lemma on_segment_in_box:
  assumes "on_segment v u w" "v \<in> box lo hi" "u \<in> box lo hi"
  shows "w \<in> box lo hi"
proof -
  obtain t :: real where t: "0 \<le> t" "t \<le> 1" and w: "\<forall>d<3. real_of_int (coord d w) =
      real_of_int (coord d v) + t * (real_of_int (coord d u) - real_of_int (coord d v))"
    using assms(1) unfolding on_segment_def by blast
  have convex: "L \<le> V + t * (U - V) \<and> V + t * (U - V) \<le> H"
    if "L \<le> V" "V \<le> H" "L \<le> U" "U \<le> H" for L V U H :: real
    using that t
    by (smt (verit) mult_le_cancel_right1 mult_left_le_one_le
        ordered_comm_semiring_class.comm_mult_left_mono)
  have "real_of_int (coord d lo) \<le> real_of_int (coord d w) \<and> real_of_int (coord d w) \<le> real_of_int (coord d hi)"
    if "d < 3" for d
    using convex[of "coord d lo" "coord d v" "coord d hi" "coord d u"] w assms(2,3) that
    by (simp add: box_def)
  then show ?thesis
    by (simp add: box_def)
qed

definition bbox_lo :: "site set \<Rightarrow> site" where
  "bbox_lo K = (Min (coord 0 ` K), Min (coord 1 ` K), Min (coord 2 ` K))"

definition bbox_hi :: "site set \<Rightarrow> site" where
  "bbox_hi K = (Max (coord 0 ` K), Max (coord 1 ` K), Max (coord 2 ` K))"

definition extent :: "site set \<Rightarrow> int" where
  "extent K = longest_side (bbox_lo K) (bbox_hi K)"

lemma less_3_cases: "d < (3::nat) \<Longrightarrow> d = 0 \<or> d = 1 \<or> d = 2"
  by auto

lemma coord_bbox_lo: "d < 3 \<Longrightarrow> coord d (bbox_lo K) = Min (coord d ` K)"
  using less_3_cases[of d] by (auto simp: bbox_lo_def)

lemma coord_bbox_hi: "d < 3 \<Longrightarrow> coord d (bbox_hi K) = Max (coord d ` K)"
  using less_3_cases[of d] by (auto simp: bbox_hi_def)

lemma coord_Min_attained:
  assumes "finite K" "K \<noteq> {}"
  shows "\<exists>p\<in>K. coord d p = Min (coord d ` K)"
proof -
  have "Min (coord d ` K) \<in> coord d ` K"
    using assms by simp
  then show ?thesis
    by (metis imageE)
qed

lemma coord_Max_attained:
  assumes "finite K" "K \<noteq> {}"
  shows "\<exists>p\<in>K. coord d p = Max (coord d ` K)"
proof -
  have "Max (coord d ` K) \<in> coord d ` K"
    using assms by simp
  then show ?thesis
    by (metis imageE)
qed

_ACTION ITEM_
Restate, word for word and with nothing added, the lines from the first line of the listing through the one where "w assms(2,3) that" stands.

_TASK RESPONSE_
lemma on_segment_in_box:
  assumes "on_segment v u w" "v \<in> box lo hi" "u \<in> box lo hi"
  shows "w \<in> box lo hi"
proof -
  obtain t :: real where t: "0 \<le> t" "t \<le> 1" and w: "\<forall>d<3. real_of_int (coord d w) =
      real_of_int (coord d v) + t * (real_of_int (coord d u) - real_of_int (coord d v))"
    using assms(1) unfolding on_segment_def by blast
  have convex: "L \<le> V + t * (U - V) \<and> V + t * (U - V) \<le> H"
    if "L \<le> V" "V \<le> H" "L \<le> U" "U \<le> H" for L V U H :: real
    using that t
    by (smt (verit) mult_le_cancel_right1 mult_left_le_one_le
        ordered_comm_semiring_class.comm_mult_left_mono)
  have "real_of_int (coord d lo) \<le> real_of_int (coord d w) \<and> real_of_int (coord d w) \<le> real_of_int (coord d hi)"
    if "d < 3" for d
    using convex[of "coord d lo" "coord d v" "coord d hi" "coord d u"] w assms(2,3) that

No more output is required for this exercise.